# My Kitty Family members



## magscat (May 13, 2009)

This is my monster cat Kale. He's a big ole floppy teddy bear though. He turns in to a furry bag of jelly when you pick him up.









This is Kevin. He's the youngest and is a total weirdo. If cats can have ADD then he's a prime example. Strangely though, we were able to teach him to sit, come, and fetch. Go figure??









This is "Kat". She was the lone survivor from a hoarding situation. We're still working on getting her coat looking nice. I've never washed as much dirt off of a dog as I have off this cat. It took 3 washes to find out what color she is. We've never heard her meow but she purrs like a mountain lion 24/7.









My special girl, Skittles. She was rescued from a teenager who cut off her tail, tied her in a pillow case, and beat her. He's in an institution now and she barely leaves a corner in my kitchen.

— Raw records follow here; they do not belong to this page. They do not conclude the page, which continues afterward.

lemma curve_a_le_of_curve_b_neg:
  assumes "0 < w" and b_neg: "curve_b c q1 q2 w < 0"
  shows "curve_a c q1 q2 w \<le> (- curve_b c q1 q2 w) powr (q2 / q1) * c powr (1 - q2 / q1)"
proof -
  define e where "e = w powr (q1 + q2) / c"
  have "w powr q2 = w powr (- q1) * w powr (q1 + q2)" "w powr q1 = w powr (- q2) * w powr (q1 + q2)"
    by (simp_all add: powr_add[symmetric])
  then have b_eq: "- curve_b c q1 q2 w = w powr (- q1) * c * (r2 - r1 * e)"
    and a_eq: "curve_a c q1 q2 w = w powr (- q2) * c * (r1 - r2 * e)"
    unfolding e_def curve_a_def curve_b_def using c_pos by (simp_all add: field_simps)
  have "0 < w powr (- q1) * c * (r2 - r1 * e)"
    using b_neg b_eq by linarith
  moreover have "0 < w powr (- q1) * c"
    using c_pos \<open>0 < w\<close> by simp
  ultimately have "0 < r2 - r1 * e"
    using zero_less_mult_pos by blast
  then have "r1 - r2 * e \<le> (r2 - r1 * e) powr (q2 / q1)"
    using normalized_bound_neg[OF r1_pos r2_pos normalized_bound_hyps] by simp
  then have "curve_a c q1 q2 w \<le> w powr (- q2) * c * (r2 - r1 * e) powr (q2 / q1)"
    unfolding a_eq using c_pos by (intro mult_left_mono) auto
  also have "\<dots> = (w powr (- q1)) powr (q2 / q1) * (c powr (q2 / q1) * c powr (1 - q2 / q1))
      * (r2 - r1 * e) powr (q2 / q1)"
    using c_pos q1_pos by (simp add: powr_powr flip: powr_add)
  also have "\<dots> = (- curve_b c q1 q2 w) powr (q2 / q1) * c powr (1 - q2 / q1)"
    using \<open>0 < r2 - r1 * e\<close> c_pos by (simp add: b_eq powr_mult)
  finally show ?thesis .
qed

lemma curve_a_le_of_curve_b_nonneg:
  assumes "0 < w" and b_nonneg: "0 \<le> curve_b c q1 q2 w"
  shows "curve_a c q1 q2 w \<le> - (curve_b c q1 q2 w powr (q1 / q2))"
proof -
  define e where "e = c / w powr (q1 + q2)"
  have "w powr (- q1) = w powr q2 / w powr (q1 + q2)" "w powr (- q2) = w powr q1 / w powr (q1 + q2)"
    by (simp_all add: powr_diff[symmetric])
  then have b_eq: "curve_b c q1 q2 w = w powr q2 * (r1 - r2 * e)"
    and a_eq: "curve_a c q1 q2 w = - (w powr q1 * (r2 - r1 * e))"
    unfolding e_def curve_a_def curve_b_def using \<open>0 < w\<close> by (simp_all add: field_simps)
  have "0 \<le> r1 - r2 * e"
    using b_nonneg \<open>0 < w\<close> by (simp add: b_eq zero_le_mult_iff)
  then have "(r1 - r2 * e) powr (q1 / q2) \<le> r2 - r1 * e"
    using normalized_bound_nonneg[OF r1_pos r2_pos normalized_bound_hyps] by simp
  then have "w powr q1 * (r1 - r2 * e) powr (q1 / q2) \<le> w powr q1 * (r2 - r1 * e)"
    by (intro mult_left_mono) auto
  moreover have "curve_b c q1 q2 w powr (q1 / q2) = w powr q1 * (r1 - r2 * e) powr (q1 / q2)"
    using \<open>0 \<le> r1 - r2 * e\<close> q2_pos by (simp add: b_eq powr_mult powr_powr)
  ultimately show ?thesis
    by (simp add: a_eq)
qed

definition a_star :: "real \<Rightarrow> real" where
  "a_star x = curve_a c q1 q2 (param x)"

lemma graph_a_star:
  "{(curve_b c q1 q2 \<omega>, curve_a c q1 q2 \<omega>) | \<omega>. \<omega> > 0} = {(x, a_star x) | x. True}"
proof (intro set_eqI iffI)
  fix p
  assume "p \<in> {(curve_b c q1 q2 \<omega>, curve_a c q1 q2 \<omega>) | \<omega>. \<omega> > 0}"
  then show "p \<in> {(x, a_star x) | x. True}"
    by (auto simp: a_star_def param_curve_b)
next
  fix p
  assume "p \<in> {(x, a_star x) | x. True}"
  then obtain x where "p = (curve_b c q1 q2 (param x), curve_a c q1 q2 (param x))"
    by (auto simp: a_star_def curve_b_param)
  then show "p \<in> {(curve_b c q1 q2 \<omega>, curve_a c q1 q2 \<omega>) | \<omega>. \<omega> > 0}"
    using param_pos by blast
qed

lemma smooth_real_a_star: "smooth_real a_star"
proof -
  have "powr_rational (curve_a c q1 q2)"
    unfolding curve_a_def[abs_def] by (intro powr_rational_diff powr_rational.intros)
  moreover have "powr_rational b_deriv"
    unfolding b_deriv_def[abs_def] by (intro powr_rational.intros)
  ultimately show ?thesis
    unfolding a_star_def[abs_def] using param_pos param_has_real_derivative b_deriv_pos
    by (intro smooth_real_comp_inverse[of param b_deriv]) (auto simp: less_imp_neq[symmetric])
qed

lemma a_star_strict_antimono: "x < y \<Longrightarrow> a_star y < a_star x"
  unfolding a_star_def using curve_a_strict_antimono param_pos strict_mono_param
  by (simp add: strict_monoD)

Not sure if she'll ever trust us but even if she doesn't she'll always have a safe home from now on. If any one has any suggestions on how I can win her over I'd love to hear them.


----------



## love.my.cats (Jan 29, 2009)

:luv Love the photos.

Well done for rescuing Skittles and giving her a safe home. How long has she been with you for? Hopefully she'll learn that she is not going to be hurt while in your care and will begin to trust you.


----------



## marie73 (Jul 12, 2006)

What beautiful cats!


----------



## magscat (May 13, 2009)

love.my.cats said:


> :luv Love the photos.
> 
> Well done for rescuing Skittles and giving her a safe home. How long has she been with you for? Hopefully she'll learn that she is not going to be hurt while in your care and will begin to trust you.


We've had her for 6months. She was actually going to be euthanized at one of the shelters I volunteer at b/c she was there for too long. She does like to be petted but she's so scared she won't leave her corner and she looks at you like she's waiting for you to use the other hand to hit her.  I'll accept her no matter what but I just wish we could help her get past what she's been through.


----------



## Leazie (Apr 14, 2007)

You have a lovely family. Heidi or some of the others that do fosters might be able to help you abotu Skittles. You might want to start a thread in Cat Chat so that it gets more traffic.


----------



## kirstylou (Mar 10, 2010)

Lovely kitties! I especially like Kale 
It's nice to hear that Skittles is in such a good home now  my guess is that it will just take her a good while to adjust to your kindness. How long was she with the teenager for? Poor kitty. atback


----------



## OctoberinMaine (Sep 12, 2006)

What a terrible story about Skittles, but it's so great you've taken her in and are being patient with her. Poor kitty.


----------



## Shadi (Feb 28, 2010)

magscat said:


> My special girl, Skittles.* She was rescued from a teenager* who cut off her tail, tied her in a pillow case, and beat her. He's in an institution now and she barely leaves a corner in my kitchen. Not sure if she'll ever trust us but even if she doesn't she'll always have a safe home from now on. If any one has any suggestions on how I can win her over I'd love to hear them.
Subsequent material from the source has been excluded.